WHAT YOU ARE ASKED TO DO: Output all records exactly.

Stored data
(* Consider the two-user two-hop MAC with $n$ relays as in the context. Then (i) $\bigcup_{\mathbf B\text{ feasible},\,\mathbf B\mathbf h_1\neq 0}\mathcal R^{out}_1(\mathbf B)=\bigcup_{\theta\in[\alpha,\beta]}\mathcal R(\theta)$, i.e. it suffices to take $\theta\in[\alpha,\beta]$; and (ii) if $\arccos(\hat{\mathbf h}_{01}^T\hat{\mathbf h}_{02})\le\pi/4$, then $\bigcup_{\theta\in[\alpha,\beta]}\mathcal R(\theta)$ is a convex set (so it equals its convex hull).
   Context: Two sources $S_1,S_2$ with Gaussian inputs of powers $P_{S_1},P_{S_2}>0$, $n$ relays, one destination. Relay $k$ receives $y_k=h_{S_1,k}x_{S_1}+h_{S_2,k}x_{S_2}+z_k$ and sends $\beta_k y_k$; the destination receives $y_D=\mathbf h_1^T\mathbf B\mathbf h_{01}x_{S_1}+\mathbf h_1^T\mathbf B\mathbf h_{02}x_{S_2}+\mathbf h_1^T\mathbf B\mathbf z_1+z_D$, where $\mathbf h_{0i}=(h_{S_i,k})_k\in\mathbb R^n$, $\mathbf h_1=(h_{k,D})_k\in\mathbb R^n$ have positive entries, $\mathbf B=\mathrm{diag}(\beta_1,\dots,\beta_n)$ with real gains, and noises are i.i.d. $\mathcal N(0,1)$. $\mathbf B$ is feasible if $|\beta_k|\le\beta_k^{Up}:=\sqrt{P_k^{Up}/(1+h_{S_1,k}^2P_{S_1}+h_{S_2,k}^2P_{S_2})}$ for all $k$. Let $\mathcal C(x)=\frac12\log_2(1+x)$ and $\mathbf A=P_{S_1}\mathbf h_{01}\mathbf h_{01}^T+P_{S_2}\mathbf h_{02}\mathbf h_{02}^T$. For $\mathbf B$ with $\mathbf B\mathbf h_1\ne0$, $\mathcal R^{out}_1(\mathbf B)$ is the set of $(R_1,R_2)\ge0$ with $R_1\le\mathcal C\big((\mathbf h_1^T\mathbf B\mathbf h_{01})^2P_{S_1}/\mathbf h_1^T\mathbf B^2\mathbf h_1\big)$, $R_2\le\mathcal C\big((\mathbf h_1^T\mathbf B\mathbf h_{02})^2P_{S_2}/\mathbf h_1^T\mathbf B^2\mathbf h_1\big)$, $R_1+R_2\le\mathcal C\big(\mathbf h_1^T\mathbf B\mathbf A\mathbf B\mathbf h_1/\mathbf h_1^T\mathbf B^2\mathbf h_1\big)$. Let $\hat{\mathbf h}_{0i}=\mathbf h_{0i}/\|\mathbf h_{0i}\|$ and $P_i=\|\mathbf h_{0i}\|^2P_{S_i}$. Fix orthonormal $\mathbf u_1,\mathbf u_2\in\mathbb R^n$ and angles $0\le\alpha\le\beta\le\pi/2$ with $\hat{\mathbf h}_{01}=\cos\alpha\,\mathbf u_1+\sin\alpha\,\mathbf u_2$, $\hat{\mathbf h}_{02}=\cos\beta\,\mathbf u_1+\sin\beta\,\mathbf u_2$. For $\theta\in\mathbb R$ let $\phi_1(\theta)=P_1\cos^2(\theta-\alpha)$, $\phi_2(\theta)=P_2\cos^2(\theta-\beta)$, $\phi=\phi_1+\phi_2$, and $\mathcal R(\theta)=\{(R_1,R_2)\ge0:R_1\le\mathcal C(\phi_1(\theta)),R_2\le\mathcal C(\phi_2(\theta)),R_1+R_2\le\mathcal C(\phi(\theta))\}$. *)

theory Defs
  imports "HOL-Analysis.Analysis"
begin

definition Cap :: "real \<Rightarrow> real" where
  "Cap x = (1/2) * log 2 (1 + x)"

definition diagm :: "real ^ 'n \<Rightarrow> real ^ 'n ^ 'n" where
  "diagm b = (\<chi> i j. if i = j then b $ i else 0)"

definition outer :: "real ^ 'n \<Rightarrow> real ^ 'n \<Rightarrow> real ^ 'n ^ 'n" where
  "outer x y = (\<chi> i j. x $ i * y $ j)"

definition betaUp :: "real \<Rightarrow> real \<Rightarrow> real ^ 'n \<Rightarrow> real ^ 'n \<Rightarrow> real ^ 'n \<Rightarrow> 'n \<Rightarrow> real" where
  "betaUp PS1 PS2 h01 h02 PUp k =
     sqrt (PUp $ k / (1 + (h01 $ k)\<^sup>2 * PS1 + (h02 $ k)\<^sup>2 * PS2))"

definition feasible :: "real \<Rightarrow> real \<Rightarrow> real ^ 'n \<Rightarrow> real ^ 'n \<Rightarrow> real ^ 'n \<Rightarrow> real ^ 'n \<Rightarrow> bool" where
  "feasible PS1 PS2 h01 h02 PUp b \<longleftrightarrow> (\<forall>k. \<bar>b $ k\<bar> \<le> betaUp PS1 PS2 h01 h02 PUp k)"

definition Amat :: "real \<Rightarrow> real \<Rightarrow> real ^ 'n \<Rightarrow> real ^ 'n \<Rightarrow> real ^ 'n ^ 'n" where
  "Amat PS1 PS2 h01 h02 = PS1 *\<^sub>R outer h01 h01 + PS2 *\<^sub>R outer h02 h02"

definition Rout1 :: "real \<Rightarrow> real \<Rightarrow> real ^ 'n \<Rightarrow> real ^ 'n \<Rightarrow> real ^ 'n \<Rightarrow> real ^ 'n \<Rightarrow> (real \<times> real) set" where
  "Rout1 PS1 PS2 h01 h02 h1 b =
    (let B = diagm b; den = h1 \<bullet> (B *v (B *v h1)) in
     {(R1, R2). 0 \<le> R1 \<and> 0 \<le> R2 \<and>
        R1 \<le> Cap ((h1 \<bullet> (B *v h01))\<^sup>2 * PS1 / den) \<and>
        R2 \<le> Cap ((h1 \<bullet> (B *v h02))\<^sup>2 * PS2 / den) \<and>
        R1 + R2 \<le> Cap ((h1 \<bullet> (B *v (Amat PS1 PS2 h01 h02 *v (B *v h1)))) / den)})"

definition Rtheta :: "real \<Rightarrow> real \<Rightarrow> real \<Rightarrow> real \<Rightarrow> real \<Rightarrow> (real \<times> real) set" where
  "Rtheta P1 P2 \<alpha> \<beta> \<theta> =
    (let \<phi>1 = P1 * (cos (\<theta> - \<alpha>))\<^sup>2; \<phi>2 = P2 * (cos (\<theta> - \<beta>))\<^sup>2 in
     {(R1, R2). 0 \<le> R1 \<and> 0 \<le> R2 \<and> R1 \<le> Cap \<phi>1 \<and> R2 \<le> Cap \<phi>2 \<and>
        R1 + R2 \<le> Cap (\<phi>1 + \<phi>2)})"

end

theory Submission
  imports Defs
begin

OUTPUT OF THE EXERCISE:
(* Consider the two-user two-hop MAC with $n$ relays as in the context. Then (i) $\bigcup_{\mathbf B\text{ feasible},\,\mathbf B\mathbf h_1\neq 0}\mathcal R^{out}_1(\mathbf B)=\bigcup_{\theta\in[\alpha,\beta]}\mathcal R(\theta)$, i.e. it suffices to take $\theta\in[\alpha,\beta]$; and (ii) if $\arccos(\hat{\mathbf h}_{01}^T\hat{\mathbf h}_{02})\le\pi/4$, then $\bigcup_{\theta\in[\alpha,\beta]}\mathcal R(\theta)$ is a convex set (so it equals its convex hull).
   Context: Two sources $S_1,S_2$ with Gaussian inputs of powers $P_{S_1},P_{S_2}>0$, $n$ relays, one destination. Relay $k$ receives $y_k=h_{S_1,k}x_{S_1}+h_{S_2,k}x_{S_2}+z_k$ and sends $\beta_k y_k$; the destination receives $y_D=\mathbf h_1^T\mathbf B\mathbf h_{01}x_{S_1}+\mathbf h_1^T\mathbf B\mathbf h_{02}x_{S_2}+\mathbf h_1^T\mathbf B\mathbf z_1+z_D$, where $\mathbf h_{0i}=(h_{S_i,k})_k\in\mathbb R^n$, $\mathbf h_1=(h_{k,D})_k\in\mathbb R^n$ have positive entries, $\mathbf B=\mathrm{diag}(\beta_1,\dots,\beta_n)$ with real gains, and noises are i.i.d. $\mathcal N(0,1)$. $\mathbf B$ is feasible if $|\beta_k|\le\beta_k^{Up}:=\sqrt{P_k^{Up}/(1+h_{S_1,k}^2P_{S_1}+h_{S_2,k}^2P_{S_2})}$ for all $k$. Let $\mathcal C(x)=\frac12\log_2(1+x)$ and $\mathbf A=P_{S_1}\mathbf h_{01}\mathbf h_{01}^T+P_{S_2}\mathbf h_{02}\mathbf h_{02}^T$. For $\mathbf B$ with $\mathbf B\mathbf h_1\ne0$, $\mathcal R^{out}_1(\mathbf B)$ is the set of $(R_1,R_2)\ge0$ with $R_1\le\mathcal C\big((\mathbf h_1^T\mathbf B\mathbf h_{01})^2P_{S_1}/\mathbf h_1^T\mathbf B^2\mathbf h_1\big)$, $R_2\le\mathcal C\big((\mathbf h_1^T\mathbf B\mathbf h_{02})^2P_{S_2}/\mathbf h_1^T\mathbf B^2\mathbf h_1\big)$, $R_1+R_2\le\mathcal C\big(\mathbf h_1^T\mathbf B\mathbf A\mathbf B\mathbf h_1/\mathbf h_1^T\mathbf B^2\mathbf h_1\big)$. Let $\hat{\mathbf h}_{0i}=\mathbf h_{0i}/\|\mathbf h_{0i}\|$ and $P_i=\|\mathbf h_{0i}\|^2P_{S_i}$. Fix orthonormal $\mathbf u_1,\mathbf u_2\in\mathbb R^n$ and angles $0\le\alpha\le\beta\le\pi/2$ with $\hat{\mathbf h}_{01}=\cos\alpha\,\mathbf u_1+\sin\alpha\,\mathbf u_2$, $\hat{\mathbf h}_{02}=\cos\beta\,\mathbf u_1+\sin\beta\,\mathbf u_2$. For $\theta\in\mathbb R$ let $\phi_1(\theta)=P_1\cos^2(\theta-\alpha)$, $\phi_2(\theta)=P_2\cos^2(\theta-\beta)$, $\phi=\phi_1+\phi_2$, and $\mathcal R(\theta)=\{(R_1,R_2)\ge0:R_1\le\mathcal C(\phi_1(\theta)),R_2\le\mathcal C(\phi_2(\theta)),R_1+R_2\le\mathcal C(\phi(\theta))\}$. *)

theory Defs
  imports "HOL-Analysis.Analysis"
begin

definition Cap :: "real \<Rightarrow> real" where
  "Cap x = (1/2) * log 2 (1 + x)"

definition diagm :: "real ^ 'n \<Rightarrow> real ^ 'n ^ 'n" where
  "diagm b = (\<chi> i j. if i = j then b $ i else 0)"

definition outer :: "real ^ 'n \<Rightarrow> real ^ 'n \<Rightarrow> real ^ 'n ^ 'n" where
  "outer x y = (\<chi> i j. x $ i * y $ j)"

definition betaUp :: "real \<Rightarrow> real \<Rightarrow> real ^ 'n \<Rightarrow> real ^ 'n \<Rightarrow> real ^ 'n \<Rightarrow> 'n \<Rightarrow> real" where
  "betaUp PS1 PS2 h01 h02 PUp k =
     sqrt (PUp $ k / (1 + (h01 $ k)\<^sup>2 * PS1 + (h02 $ k)\<^sup>2 * PS2))"

definition feasible :: "real \<Rightarrow> real \<Rightarrow> real ^ 'n \<Rightarrow> real ^ 'n \<Rightarrow> real ^ 'n \<Rightarrow> real ^ 'n \<Rightarrow> bool" where
  "feasible PS1 PS2 h01 h02 PUp b \<longleftrightarrow> (\<forall>k. \<bar>b $ k\<bar> \<le> betaUp PS1 PS2 h01 h02 PUp k)"

definition Amat :: "real \<Rightarrow> real \<Rightarrow> real ^ 'n \<Rightarrow> real ^ 'n \<Rightarrow> real ^ 'n ^ 'n" where
  "Amat PS1 PS2 h01 h02 = PS1 *\<^sub>R outer h01 h01 + PS2 *\<^sub>R outer h02 h02"

definition Rout1 :: "real \<Rightarrow> real \<Rightarrow> real ^ 'n \<Rightarrow> real ^ 'n \<Rightarrow> real ^ 'n \<Rightarrow> real ^ 'n \<Rightarrow> (real \<times> real) set" where
  "Rout1 PS1 PS2 h01 h02 h1 b =
    (let B = diagm b; den = h1 \<bullet> (B *v (B *v h1)) in
     {(R1, R2). 0 \<le> R1 \<and> 0 \<le> R2 \<and>
        R1 \<le> Cap ((h1 \<bullet> (B *v h01))\<^sup>2 * PS1 / den) \<and>
        R2 \<le> Cap ((h1 \<bullet> (B *v h02))\<^sup>2 * PS2 / den) \<and>
        R1 + R2 \<le> Cap ((h1 \<bullet> (B *v (Amat PS1 PS2 h01 h02 *v (B *v h1)))) / den)})"

definition Rtheta :: "real \<Rightarrow> real \<Rightarrow> real \<Rightarrow> real \<Rightarrow> real \<Rightarrow> (real \<times> real) set" where
  "Rtheta P1 P2 \<alpha> \<beta> \<theta> =
    (let \<phi>1 = P1 * (cos (\<theta> - \<alpha>))\<^sup>2; \<phi>2 = P2 * (cos (\<theta> - \<beta>))\<^sup>2 in
     {(R1, R2). 0 \<le> R1 \<and> 0 \<le> R2 \<and> R1 \<le> Cap \<phi>1 \<and> R2 \<le> Cap \<phi>2 \<and>
        R1 + R2 \<le> Cap (\<phi>1 + \<phi>2)})"

end

theory Submission
  imports Defs
begin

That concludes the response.